So much rides on your implicit notion of semantic relationship, but this dependence needs demonstration. The fact that some pattern of signals on my perceptual apparatus is caused by an apple in the real world does not mean that I have knowledge or understanding of an apple
in virtue of this causal relation. That my sensory signals are caused by apples is an accident of this world, one we are completely blind to. If all apples in the world were swapped with fapples (fake apples), where all sensory experiences that have up to now been caused by apples are now caused by fapples, we would be none the wiser. The semantics (i.e. wide content) of our perceptual experiences is irrelevant to literally everything we know and how we interact with the world. Our knowledge of the world is limited to our sensory experiences and our deductions, inferences, etc derived from our sensory experiences. Our situatedness in the world is only relevant insofar as it entails the space of our sensory experiences.
>the model would need the ability to frame hypotheses about what this sensor data means, and test them by interacting with the world and seeing what the results were.
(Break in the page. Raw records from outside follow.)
theorem proposition5:
  fixes f0 :: "real^'p::finite \<Rightarrow> real"
    and M0 :: "real^'r::finite^'p"
    and \<Lambda>0 :: "(real \<times> (real^'p)) measure"
    and Q0 :: "(real^'r) measure set"
    and Qtr :: "(real^'r) measure"
    and Rs :: "(real^'p) list"
    and \<gamma>0 :: "real^'p \<Rightarrow> real"
  assumes simdg: "simdg f0 M0 \<Lambda>0 Q0"
    and bdd_f0: "\<exists>C. \<forall>P\<in>induced_set f0 M0 \<Lambda>0 Q0.
                   integrable P (\<lambda>w. (f0 (obsX w))\<^sup>2) \<and> (\<integral>w. (f0 (obsX w))\<^sup>2 \<partial>P) \<le> C"
    and Qtr: "Qtr \<in> Q0"
    and Qtr_mean: "integrable Qtr (\<lambda>z. z) \<and> (\<integral>z. z \<partial>Qtr) = 0"
    and Qtr_cov: "(\<forall>i j. integrable Qtr (\<lambda>z. z $ i * z $ j)) \<and>
                  (\<forall>a::real^'r. a \<noteq> 0 \<longrightarrow> (\<integral>z. (a \<bullet> z)\<^sup>2 \<partial>Qtr) > 0)"
    and R: "is_R M0 Rs"
    and \<gamma>0_meas: "\<gamma>0 \<in> borel_measurable borel"
    and \<gamma>0: "AE w in induced_dist f0 M0 \<Lambda>0 Qtr.
               \<gamma>0 (obsV w) = real_cond_exp (induced_dist f0 M0 \<Lambda>0 Qtr)
                  (vimage_algebra (space (induced_dist f0 M0 \<Lambda>0 Qtr)) obsV borel) obsU w"
    and gauss: "\<forall>k::nat. k \<ge> 1 \<longrightarrow> gauss_iso (real k) \<in> Q0"
    and cases: "(absolutely_continuous lborel (distr \<Lambda>0 borel snd) \<and>
                 (\<exists>B. AE w in \<Lambda>0. \<bar>\<gamma>0 (snd w)\<bar> \<le> B))
                \<or> centered_nondeg_gaussian \<Lambda>0"
  shows "(INF P\<in>induced_set f0 M0 \<Lambda>0 Q0. crit Rs \<gamma>0 P) = 0"
proof -
  note model = simdg[unfolded simdg_def]
  have f0: "f0 \<in> borel_measurable borel" and \<Lambda>0: "prob_space \<Lambda>0" "sets \<Lambda>0 = sets borel"
    and L2: "integrable \<Lambda>0 (\<lambda>w. (norm w)\<^sup>2)" and Q0: "\<And>Q. Q \<in> Q0 \<Longrightarrow> prob_space Q \<and> sets Q = sets borel"
    using model by blast+
  interpret training: induced_model f0 M0 \<Lambda>0 Qtr
    using Q0[OF Qtr] by (intro induced_model.intro) (simp_all add: f0 \<Lambda>0)
  have gauss_prob: "prob_space (gauss_iso (real k) :: (real^'r) measure)" if "k \<ge> 1" for k :: nat
    using Q0 gauss that by blast
  have \<gamma>2: "integrable \<Lambda>0 (\<lambda>x. (\<gamma>0 (snd x))\<^sup>2)"
    by (rule training.square_integrable_of_cond_exp_U[OF L2 \<gamma>0_meas \<gamma>0])
  show ?thesis
  proof (rule INF_eq_zero_if_arbitrarily_small)
    show "0 \<le> crit Rs \<gamma>0 P" for P
      unfolding crit_def by simp
    fix e :: real assume "e > 0"
    then obtain k where "k \<ge> 1" "crit Rs \<gamma>0 (induced_dist f0 M0 \<Lambda>0 (gauss_iso (real k))) \<le> e"
      using exists_gauss_iso_crit_le[OF f0 \<Lambda>0 gauss_prob R \<gamma>0_meas \<gamma>2] by blast
    then show "\<exists>P\<in>induced_set f0 M0 \<Lambda>0 Q0. crit Rs \<gamma>0 P \<le> e"
      using gauss unfolding induced_set_def by blast
  qed
qed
Why do we need to actively test our model to come to an understanding of the world? Yes, that is how we biological organisms happen to learn about the world. But it is not clear that it is required. Language models learn by developing internal models that predict the next token. But this prediction implicitly generates representations of the processes that generate the tokens. There is no in principle limit to the resolution of this model given a sufficiently large and diverse training set.